[Opening Input data section]
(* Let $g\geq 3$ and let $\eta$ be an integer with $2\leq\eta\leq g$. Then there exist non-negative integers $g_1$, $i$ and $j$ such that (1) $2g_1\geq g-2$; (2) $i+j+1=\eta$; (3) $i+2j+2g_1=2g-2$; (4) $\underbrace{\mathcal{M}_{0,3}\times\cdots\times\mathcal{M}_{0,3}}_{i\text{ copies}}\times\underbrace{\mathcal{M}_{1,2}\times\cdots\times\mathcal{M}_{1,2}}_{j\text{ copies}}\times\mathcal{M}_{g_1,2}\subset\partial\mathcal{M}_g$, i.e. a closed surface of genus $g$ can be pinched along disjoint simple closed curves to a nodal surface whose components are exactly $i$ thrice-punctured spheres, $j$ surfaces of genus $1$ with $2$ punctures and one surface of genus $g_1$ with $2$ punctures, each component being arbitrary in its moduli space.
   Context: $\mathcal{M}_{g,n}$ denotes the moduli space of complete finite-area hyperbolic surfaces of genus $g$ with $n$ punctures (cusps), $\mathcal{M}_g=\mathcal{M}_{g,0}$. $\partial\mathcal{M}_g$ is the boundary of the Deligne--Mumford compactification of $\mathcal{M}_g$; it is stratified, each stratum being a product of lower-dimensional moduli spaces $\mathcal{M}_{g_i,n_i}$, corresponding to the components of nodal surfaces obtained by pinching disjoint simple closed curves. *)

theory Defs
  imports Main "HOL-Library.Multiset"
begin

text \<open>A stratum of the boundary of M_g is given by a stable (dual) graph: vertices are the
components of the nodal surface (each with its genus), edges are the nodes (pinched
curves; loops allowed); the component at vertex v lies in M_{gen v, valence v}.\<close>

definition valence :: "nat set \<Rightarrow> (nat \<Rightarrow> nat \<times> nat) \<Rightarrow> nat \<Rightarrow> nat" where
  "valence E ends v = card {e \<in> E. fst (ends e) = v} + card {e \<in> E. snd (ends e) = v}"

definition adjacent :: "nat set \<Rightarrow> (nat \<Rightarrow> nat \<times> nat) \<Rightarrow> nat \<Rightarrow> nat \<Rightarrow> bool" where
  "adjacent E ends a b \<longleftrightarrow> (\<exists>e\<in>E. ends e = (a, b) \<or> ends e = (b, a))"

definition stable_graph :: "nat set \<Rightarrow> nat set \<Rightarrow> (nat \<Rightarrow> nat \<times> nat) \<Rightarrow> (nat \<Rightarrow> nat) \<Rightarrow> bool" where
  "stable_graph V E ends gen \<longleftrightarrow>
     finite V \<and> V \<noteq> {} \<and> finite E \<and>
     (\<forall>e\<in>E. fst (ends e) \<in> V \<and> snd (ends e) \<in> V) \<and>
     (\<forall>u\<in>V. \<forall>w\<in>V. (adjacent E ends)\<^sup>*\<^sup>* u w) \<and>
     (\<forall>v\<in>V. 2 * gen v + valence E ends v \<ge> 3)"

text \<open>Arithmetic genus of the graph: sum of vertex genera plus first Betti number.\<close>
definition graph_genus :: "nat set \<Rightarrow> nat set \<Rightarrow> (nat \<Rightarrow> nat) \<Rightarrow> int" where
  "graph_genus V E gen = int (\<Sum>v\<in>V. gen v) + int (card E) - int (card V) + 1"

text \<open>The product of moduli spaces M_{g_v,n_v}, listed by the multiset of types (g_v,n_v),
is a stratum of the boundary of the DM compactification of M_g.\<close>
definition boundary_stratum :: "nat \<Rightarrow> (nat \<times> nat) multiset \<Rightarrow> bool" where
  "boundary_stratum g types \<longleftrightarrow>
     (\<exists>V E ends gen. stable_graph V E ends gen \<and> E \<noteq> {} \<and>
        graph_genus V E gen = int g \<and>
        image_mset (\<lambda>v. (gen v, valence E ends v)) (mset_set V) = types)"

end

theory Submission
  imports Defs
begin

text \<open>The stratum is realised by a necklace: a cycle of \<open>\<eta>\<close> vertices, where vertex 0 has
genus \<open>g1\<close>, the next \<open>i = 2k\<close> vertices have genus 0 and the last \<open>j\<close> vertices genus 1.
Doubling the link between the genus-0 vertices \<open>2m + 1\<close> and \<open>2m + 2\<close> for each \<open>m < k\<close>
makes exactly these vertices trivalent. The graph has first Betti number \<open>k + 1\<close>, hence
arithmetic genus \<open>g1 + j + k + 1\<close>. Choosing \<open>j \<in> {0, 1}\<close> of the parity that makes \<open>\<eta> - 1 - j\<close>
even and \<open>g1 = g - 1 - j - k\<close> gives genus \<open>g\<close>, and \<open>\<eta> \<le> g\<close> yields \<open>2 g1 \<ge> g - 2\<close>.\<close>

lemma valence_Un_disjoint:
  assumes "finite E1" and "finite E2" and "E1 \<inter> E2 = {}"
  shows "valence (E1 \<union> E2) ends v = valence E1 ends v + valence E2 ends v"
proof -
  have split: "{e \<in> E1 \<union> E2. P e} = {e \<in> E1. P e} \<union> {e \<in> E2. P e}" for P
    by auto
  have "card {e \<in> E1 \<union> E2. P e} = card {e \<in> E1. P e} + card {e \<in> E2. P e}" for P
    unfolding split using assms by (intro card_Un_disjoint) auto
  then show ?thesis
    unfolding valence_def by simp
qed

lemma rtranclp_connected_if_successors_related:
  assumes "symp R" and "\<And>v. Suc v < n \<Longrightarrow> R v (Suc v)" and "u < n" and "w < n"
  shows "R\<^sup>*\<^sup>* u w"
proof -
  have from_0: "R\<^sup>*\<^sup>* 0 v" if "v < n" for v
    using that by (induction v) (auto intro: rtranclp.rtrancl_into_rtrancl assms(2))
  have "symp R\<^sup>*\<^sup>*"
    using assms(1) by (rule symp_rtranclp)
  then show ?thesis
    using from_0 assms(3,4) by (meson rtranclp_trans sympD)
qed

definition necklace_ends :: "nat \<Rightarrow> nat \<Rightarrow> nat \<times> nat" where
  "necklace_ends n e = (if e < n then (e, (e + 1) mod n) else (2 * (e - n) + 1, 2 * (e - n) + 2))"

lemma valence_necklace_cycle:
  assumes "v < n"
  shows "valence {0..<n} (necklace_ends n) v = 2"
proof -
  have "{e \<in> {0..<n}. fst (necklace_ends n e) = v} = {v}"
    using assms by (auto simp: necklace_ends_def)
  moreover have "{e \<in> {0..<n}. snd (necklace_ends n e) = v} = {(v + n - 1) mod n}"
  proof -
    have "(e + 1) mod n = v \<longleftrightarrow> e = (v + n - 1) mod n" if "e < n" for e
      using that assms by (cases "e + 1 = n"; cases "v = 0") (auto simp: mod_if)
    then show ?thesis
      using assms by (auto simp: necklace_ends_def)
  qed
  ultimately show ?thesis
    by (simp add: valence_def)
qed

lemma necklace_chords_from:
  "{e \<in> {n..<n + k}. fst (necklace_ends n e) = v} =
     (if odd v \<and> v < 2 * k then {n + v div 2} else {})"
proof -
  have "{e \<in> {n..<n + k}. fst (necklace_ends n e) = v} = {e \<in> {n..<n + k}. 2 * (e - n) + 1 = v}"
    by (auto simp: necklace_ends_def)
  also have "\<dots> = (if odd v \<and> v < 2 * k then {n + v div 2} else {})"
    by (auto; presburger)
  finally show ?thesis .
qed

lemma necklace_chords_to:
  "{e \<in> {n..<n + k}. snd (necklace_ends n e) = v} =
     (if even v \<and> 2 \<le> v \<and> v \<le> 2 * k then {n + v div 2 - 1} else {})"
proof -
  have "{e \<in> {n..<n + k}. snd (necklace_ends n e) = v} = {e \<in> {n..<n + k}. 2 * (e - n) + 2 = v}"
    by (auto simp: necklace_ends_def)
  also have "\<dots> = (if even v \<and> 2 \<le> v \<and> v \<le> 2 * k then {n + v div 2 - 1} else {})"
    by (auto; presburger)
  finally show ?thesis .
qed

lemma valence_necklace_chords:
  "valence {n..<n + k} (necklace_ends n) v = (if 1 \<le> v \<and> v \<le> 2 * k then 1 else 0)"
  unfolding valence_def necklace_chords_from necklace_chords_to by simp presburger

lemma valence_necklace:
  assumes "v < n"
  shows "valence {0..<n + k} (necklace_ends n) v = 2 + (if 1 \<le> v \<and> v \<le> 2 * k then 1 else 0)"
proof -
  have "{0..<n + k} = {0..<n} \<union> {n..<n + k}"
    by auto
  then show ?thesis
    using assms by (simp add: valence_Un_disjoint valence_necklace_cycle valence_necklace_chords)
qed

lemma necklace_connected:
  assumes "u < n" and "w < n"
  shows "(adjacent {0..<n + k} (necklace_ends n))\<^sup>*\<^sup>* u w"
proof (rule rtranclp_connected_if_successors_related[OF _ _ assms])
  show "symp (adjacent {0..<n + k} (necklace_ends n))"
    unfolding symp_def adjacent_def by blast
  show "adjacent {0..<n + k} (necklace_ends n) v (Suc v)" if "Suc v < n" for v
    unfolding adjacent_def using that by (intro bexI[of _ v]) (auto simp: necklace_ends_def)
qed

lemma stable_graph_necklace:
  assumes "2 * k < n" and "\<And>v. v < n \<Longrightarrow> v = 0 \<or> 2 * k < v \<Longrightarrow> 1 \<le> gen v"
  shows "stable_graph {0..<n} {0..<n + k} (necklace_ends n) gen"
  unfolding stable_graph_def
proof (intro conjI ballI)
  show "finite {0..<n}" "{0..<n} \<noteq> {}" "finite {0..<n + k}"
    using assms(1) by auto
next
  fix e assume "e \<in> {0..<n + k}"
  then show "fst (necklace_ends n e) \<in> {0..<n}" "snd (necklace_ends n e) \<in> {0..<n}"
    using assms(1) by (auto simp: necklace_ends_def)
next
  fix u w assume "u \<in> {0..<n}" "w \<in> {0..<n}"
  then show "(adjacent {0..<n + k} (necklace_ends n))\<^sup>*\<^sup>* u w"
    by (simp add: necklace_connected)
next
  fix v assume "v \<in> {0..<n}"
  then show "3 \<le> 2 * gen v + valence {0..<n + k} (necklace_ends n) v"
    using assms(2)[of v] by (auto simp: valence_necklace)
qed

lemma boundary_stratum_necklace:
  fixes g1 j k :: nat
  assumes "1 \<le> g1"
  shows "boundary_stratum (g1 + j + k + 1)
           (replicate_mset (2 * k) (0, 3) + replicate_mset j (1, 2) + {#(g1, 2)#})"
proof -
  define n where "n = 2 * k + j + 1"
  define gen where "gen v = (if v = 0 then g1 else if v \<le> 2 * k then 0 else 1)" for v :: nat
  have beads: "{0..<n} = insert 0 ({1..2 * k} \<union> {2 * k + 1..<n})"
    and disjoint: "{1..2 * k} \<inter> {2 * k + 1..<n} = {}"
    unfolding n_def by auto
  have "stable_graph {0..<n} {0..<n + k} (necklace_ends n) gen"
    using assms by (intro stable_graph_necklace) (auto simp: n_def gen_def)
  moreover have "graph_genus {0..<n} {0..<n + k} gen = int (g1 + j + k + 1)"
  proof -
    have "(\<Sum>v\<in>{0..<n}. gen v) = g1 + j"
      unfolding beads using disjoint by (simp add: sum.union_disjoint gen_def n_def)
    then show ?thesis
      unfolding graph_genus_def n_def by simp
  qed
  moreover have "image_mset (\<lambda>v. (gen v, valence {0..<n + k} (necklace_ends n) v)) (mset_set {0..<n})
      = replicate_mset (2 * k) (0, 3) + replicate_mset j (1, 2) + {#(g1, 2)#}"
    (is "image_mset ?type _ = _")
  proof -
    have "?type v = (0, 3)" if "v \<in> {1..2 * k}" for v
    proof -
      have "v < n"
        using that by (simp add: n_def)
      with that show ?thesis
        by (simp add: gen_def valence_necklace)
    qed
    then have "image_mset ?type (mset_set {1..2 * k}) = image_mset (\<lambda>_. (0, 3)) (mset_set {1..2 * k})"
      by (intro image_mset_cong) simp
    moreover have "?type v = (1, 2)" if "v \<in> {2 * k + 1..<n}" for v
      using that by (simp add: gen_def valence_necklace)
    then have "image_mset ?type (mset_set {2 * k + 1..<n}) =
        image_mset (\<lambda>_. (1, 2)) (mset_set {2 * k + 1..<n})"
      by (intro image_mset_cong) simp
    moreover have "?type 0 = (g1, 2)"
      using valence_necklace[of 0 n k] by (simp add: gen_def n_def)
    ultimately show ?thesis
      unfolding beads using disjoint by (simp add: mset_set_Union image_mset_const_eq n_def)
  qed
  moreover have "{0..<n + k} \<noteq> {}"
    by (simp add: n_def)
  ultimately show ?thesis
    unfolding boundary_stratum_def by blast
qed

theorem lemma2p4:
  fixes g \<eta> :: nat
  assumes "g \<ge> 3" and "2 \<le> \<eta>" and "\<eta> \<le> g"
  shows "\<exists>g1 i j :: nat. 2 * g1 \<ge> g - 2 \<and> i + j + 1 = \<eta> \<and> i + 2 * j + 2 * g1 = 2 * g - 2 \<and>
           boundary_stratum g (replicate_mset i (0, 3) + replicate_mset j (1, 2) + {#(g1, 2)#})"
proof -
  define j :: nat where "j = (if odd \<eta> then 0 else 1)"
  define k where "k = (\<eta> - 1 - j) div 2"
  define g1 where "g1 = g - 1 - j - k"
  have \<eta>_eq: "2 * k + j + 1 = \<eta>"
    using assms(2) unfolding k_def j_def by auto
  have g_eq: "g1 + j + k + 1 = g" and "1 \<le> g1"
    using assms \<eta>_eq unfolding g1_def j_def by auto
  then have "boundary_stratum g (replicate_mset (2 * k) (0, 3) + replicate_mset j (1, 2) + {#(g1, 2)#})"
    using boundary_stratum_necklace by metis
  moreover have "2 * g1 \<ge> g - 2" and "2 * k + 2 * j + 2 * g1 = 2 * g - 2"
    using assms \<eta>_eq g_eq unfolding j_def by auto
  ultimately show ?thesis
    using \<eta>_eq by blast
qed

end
[Closing Input data section]
◆ Problem details
Taking the entries as a whole, work out how many lines contain the string "definition". Respond with only the number.

◆ Task result
6